I run below 20 for my kids (5-8), on bumpy rocky terrain. 20 inch bikes. Pump to 15-20, remove, leaks a bit of air, not sure where it exactly ends up.

Bring a tube, pinch flat, no worries. Goat heads, big worry. I run slime in the tubes for that one.


----------



## Photogorama (Aug 22, 2010)

I ran 20 psi in my 6 y o son's 20" hot rock last season. He uses Kenda Small Block 8's on hard pack flowy single track with minimal rocks and roots.

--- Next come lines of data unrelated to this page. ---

lemma radial_arc_meets_boundary_at_most_once:
  fixes C K :: "point set"
  assumes C: "convex C" "0 \<notin> C" and K: "convex K" "K \<subseteq> {p. m \<bullet> p > 0}"
    and n: "n \<noteq> 0" "\<forall>p\<in>nrm ` C. n \<bullet> p = 0"
    and v: "v \<in> nrm ` K" "n \<bullet> v = 0" "v \<notin> nrm ` C"
    and z: "z \<in> nrm ` C" "z \<in> top_of_set S2 interior_of nrm ` K"
    and x: "x \<in> nrm ` C" "x \<in> nrm ` K" "x \<notin> top_of_set S2 interior_of nrm ` K"
    and y: "y \<in> nrm ` C" "y \<in> nrm ` K" "y \<notin> top_of_set S2 interior_of nrm ` K"
  shows "x = y"
proof (rule ccontr)
  assume "x \<noteq> y"
  let ?s = "gnomonic_coord n m"
  have K0: "0 \<notin> K"
    using K(2) by auto
  have "z \<in> nrm ` K"
    using interior_of_subset z(2) by (rule subsetD)
  have in_K: "p \<in> nrm ` K" if "p \<in> {v, x, y, z}" for p
    using that v(1) x(2) y(2) \<open>z \<in> nrm ` K\<close> by auto
  have circle: "n \<bullet> p = 0" if "p \<in> {v, x, y, z}" for p
    using that v(2) n(2) x(1) y(1) z(1) by auto
  have sphere: "p \<in> S2" if "p \<in> {v, x, y, z}" for p
    using in_K[OF that] radial_image_subset_sphere[OF K0] by blast
  have half: "m \<bullet> p > 0" if "p \<in> {v, x, y, z}" for p
  proof -
    from in_K[OF that] obtain k where "k \<in> K" "p = nrm k"
      by blast
    moreover have "m \<bullet> k > 0" "k \<noteq> 0"
      using \<open>k \<in> K\<close> K(2) K0 by auto
    ultimately show ?thesis
      by (simp add: inner_nrm)
  qed
  have E: "cross3 n m \<noteq> 0"
    using cross3_nonzero[OF n(1) v(2)] half[of v] by simp
  have between: "positive_combination q p r"
    if "p \<in> {v, x, y, z}" "q \<in> {v, x, y, z}" "r \<in> {v, x, y, z}" "?s q \<in> open_segment (?s p) (?s r)"
    for p q r
    using positive_combination_if_gnomonic_between[OF E circle[OF that(1)] half[OF that(1)]
        circle[OF that(2)] half[OF that(2)] circle[OF that(3)] half[OF that(3)] that(4)] .
  have "inj_on ?s {v, x, y, z}"
  proof (rule inj_onI)
    fix p q assume "p \<in> {v, x, y, z}" "q \<in> {v, x, y, z}" "?s p = ?s q"
    then show "p = q"
      using gnomonic_coord_inj[OF E sphere circle half sphere circle half] by blast
  qed
  moreover have "distinct [v, x, y, z]"
    using v(3) x y z \<open>x \<noteq> y\<close> by auto
  ultimately have "distinct [?s v, ?s x, ?s y, ?s z]"
    using distinct_map[of ?s "[v, x, y, z]"] by simp
  then show False
  proof (cases rule: four_points_betweenness[of ?s v x y z])
    case (1 p q)
    then have "positive_combination v p q"
      by (intro between) auto
    moreover have "p \<in> nrm ` C" "q \<in> nrm ` C"
      using 1(1,2) x(1) y(1) z(1) by blast+
    ultimately have "v \<in> nrm ` C"
      using positive_combination_in_radial_image[OF C] sphere[of v] by blast
    with v(3) show False ..
  next
    case (2 u)
    then have "positive_combination x u z"
      by (intro between) auto
    moreover have "u \<in> nrm ` K"
      using 2(1) in_K by blast
    ultimately have "x \<in> top_of_set S2 interior_of nrm ` K"
      using positive_combination_in_interior[OF K(1) K0 _ z(2)] sphere[of x] by blast
    with x(3) show False ..
  next
    case (3 u)
    then have "positive_combination y u z"
      by (intro between) auto
    moreover have "u \<in> nrm ` K"
      using 3(1) in_K by blast
    ultimately have "y \<in> top_of_set S2 interior_of nrm ` K"
      using positive_combination_in_interior[OF K(1) K0 _ z(2)] sphere[of y] by blast
    with y(3) show False ..
  qed
qed

theorem mainTheorem14:
  fixes k :: nat and D :: "(point \<times> point) set" and P :: "point set"
    and f :: "point \<times> point \<Rightarrow> point" and A :: "point set" and a :: "point \<times> point"
  assumes "spherical_diagram D"
    and "orientation k D P f"
    and "attractor k P A"
    and "a \<in> D"
    and "arc_set a \<inter> ((top_of_set S2) interior_of (spherical_hull A)) \<noteq> {}"
  shows "\<forall>x\<in>arc_set a \<inter> ((top_of_set S2) frontier_of (spherical_hull A)).
         \<forall>y\<in>arc_set a \<inter> ((top_of_set S2) frontier_of (spherical_hull A)). x = y"
proof (cases "\<exists>m. \<forall>x\<in>A. m \<bullet> x > 0")
  case False
  then have "spherical_hull A = S2"
    unfolding spherical_hull_def by (rule if_not_P)
  then show ?thesis
    using frontier_of_topspace[of "top_of_set S2"] by simp
next
  case True
  then obtain m where "\<forall>x\<in>A. m \<bullet> x > 0" ..
  then have K: "convex hull A \<subseteq> {p. m \<bullet> p > 0}"
    by (intro hull_minimal) (auto simp: convex_halfspace_gt)
  have hull: "spherical_hull A = nrm ` (convex hull A)"
    using True by (simp add: spherical_hull_def)
  have "compact (convex hull A)" "0 \<notin> convex hull A"
    using assms(3) K by (auto simp: attractor_def intro: compact_convex_hull finite_imp_compact)
  obtain n v where n: "n \<noteq> 0" "\<forall>x\<in>arc_set a. n \<bullet> x = 0"
    and v: "v \<in> A" "v \<in> S2" "n \<bullet> v = 0" "v \<notin> arc_set a"
    using attractor_point_on_arc_circle[OF assms(2-4)] .
  then have "v \<in> nrm ` (convex hull A)"
    by (metis hull_inc image_eqI nrm_sphere)
  have "0 \<notin> closed_segment (fst a) (snd a)"
    using assms(1,4) by (intro zero_notin_closed_segment_sphere) (auto simp: spherical_diagram_def is_arc_def)
  then show ?thesis
    using radial_arc_meets_boundary_at_most_once[OF convex_closed_segment _ convex_convex_hull K n(1)
        n(2)[unfolded arc_set_def] \<open>v \<in> nrm ` (convex hull A)\<close> v(3) v(4)[unfolded arc_set_def]]
      assms(5)
    unfolding hull frontier_of_compact_radial_image[OF \<open>compact (convex hull A)\<close> \<open>0 \<notin> convex hull A\<close>]
      arc_set_def by blast
qed

end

X2 on the comment for pumping it up for the road.


----------



## m-dub (Apr 22, 2005)

18psi on both my boys bikes. 20" and 24" small block 8's. Tahoe rocks, Northstar shuttles, General ripping and only one pinch flat (curb around town) So mid 20s in the rear for street duties.They are only 50-60lbs so that is plenty of pressure and they have much more traction.


----------



## Jonnybmac (Mar 14, 2012)

i have run about 20psi in my sons motorbike to give him more traction and also so it absorbs a few little bumps being a little bouncy due to him being too light for his suspension to work properly.


----------



## BeginnerCycling (Nov 21, 2011)

O.k., how about for an 85 pound kid on a 24" MTB?


----------



## m-dub (Apr 22, 2005)

BeginnerCycling said:


> O.k., how about for an 85 pound kid on a 24" MTB?


Low 20's (20-23) should be good.


----------



## BeginnerCycling (Nov 21, 2011)

Thanks! By the way, is there a chart or calculator online to help figure out tire pressure, or is everyone just going from experience?


----------



## IAmHolland (Jul 8, 2010)

I just go with the flow! Seriously? I watch the tire when I pump it up and when the kids get on it. I want it low enough to deform a bit, for dirt. For road, I want it to high enough to not deform.

I run about 25psi for my son on his 24" (60lbs). Primarily because it's ghetto tubeless and I don't quite trust it yet. I'd go 20psi once I'm confident.


----------